**How to complete this task:** Please print the records below word for word.

Dataset extract section start

(* Let $0<\alpha<1/2$ and let $A_I=\{(x,y)\in[0,1]^2: S(x,y)\ge 2\alpha^2\}$. For every $(x,y)\in[0,1]^2\setminus\{(0,0)\}$ there exists $N\ge 0$ such that $G_\alpha^n(x,y)\in A_I$ for all $n\ge N$. Consequently every $G_\alpha$-invariant Borel probability measure $\mu$ on $[0,1]^2$ with $\mu(\{(0,0)\})=0$ satisfies $\mu(A_I)=1$.
   Context: Let $\tau:[0,1]\to[0,1]$ be the symmetric tent map, $\tau(x)=2x$ for $0\le x<1/2$ and $\tau(x)=2-2x$ for $1/2\le x\le 1$. For $0<\alpha<1$ define $G_\alpha:[0,1]^2\to[0,1]^2$ by $G_\alpha(x,y)=(y,\tau(\alpha y+(1-\alpha)x))$. Let $S(x,y)=\alpha y+(1-\alpha)x$. *)

theory Defs
  imports "HOL-Probability.Probability"
begin

definition tent :: "real \<Rightarrow> real" where
  "tent x = (if x < 1/2 then 2 * x else 2 - 2 * x)"

definition S_map :: "real \<Rightarrow> real \<times> real \<Rightarrow> real" where
  "S_map \<alpha> p = \<alpha> * snd p + (1 - \<alpha>) * fst p"

definition G_map :: "real \<Rightarrow> real \<times> real \<Rightarrow> real \<times> real" where
  "G_map \<alpha> p = (snd p, tent (S_map \<alpha> p))"

definition unit_square :: "(real \<times> real) set" where
  "unit_square = {0..1} \<times> {0..1}"

definition A_I :: "real \<Rightarrow> (real \<times> real) set" where
  "A_I \<alpha> = {p \<in> unit_square. S_map \<alpha> p \<ge> 2 * \<alpha>\<^sup>2}"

Dataset extract section end

**Your solution:**
(* Let $0<\alpha<1/2$ and let $A_I=\{(x,y)\in[0,1]^2: S(x,y)\ge 2\alpha^2\}$. For every $(x,y)\in[0,1]^2\setminus\{(0,0)\}$ there exists $N\ge 0$ such that $G_\alpha^n(x,y)\in A_I$ for all $n\ge N$. Consequently every $G_\alpha$-invariant Borel probability measure $\mu$ on $[0,1]^2$ with $\mu(\{(0,0)\})=0$ satisfies $\mu(A_I)=1$.
   Context: Let $\tau:[0,1]\to[0,1]$ be the symmetric tent map, $\tau(x)=2x$ for $0\le x<1/2$ and $\tau(x)=2-2x$ for $1/2\le x\le 1$. For $0<\alpha<1$ define $G_\alpha:[0,1]^2\to[0,1]^2$ by $G_\alpha(x,y)=(y,\tau(\alpha y+(1-\alpha)x))$. Let $S(x,y)=\alpha y+(1-\alpha)x$. *)

theory Defs
  imports "HOL-Probability.Probability"
begin

definition tent :: "real \<Rightarrow> real" where
  "tent x = (if x < 1/2 then 2 * x else 2 - 2 * x)"

definition S_map :: "real \<Rightarrow> real \<times> real \<Rightarrow> real" where
  "S_map \<alpha> p = \<alpha> * snd p + (1 - \<alpha>) * fst p"

definition G_map :: "real \<Rightarrow> real \<times> real \<Rightarrow> real \<times> real" where
  "G_map \<alpha> p = (snd p, tent (S_map \<alpha> p))"

definition unit_square :: "(real \<times> real) set" where
  "unit_square = {0..1} \<times> {0..1}"

definition A_I :: "real \<Rightarrow> (real \<times> real) set" where
  "A_I \<alpha> = {p \<in> unit_square. S_map \<alpha> p \<ge> 2 * \<alpha>\<^sup>2}"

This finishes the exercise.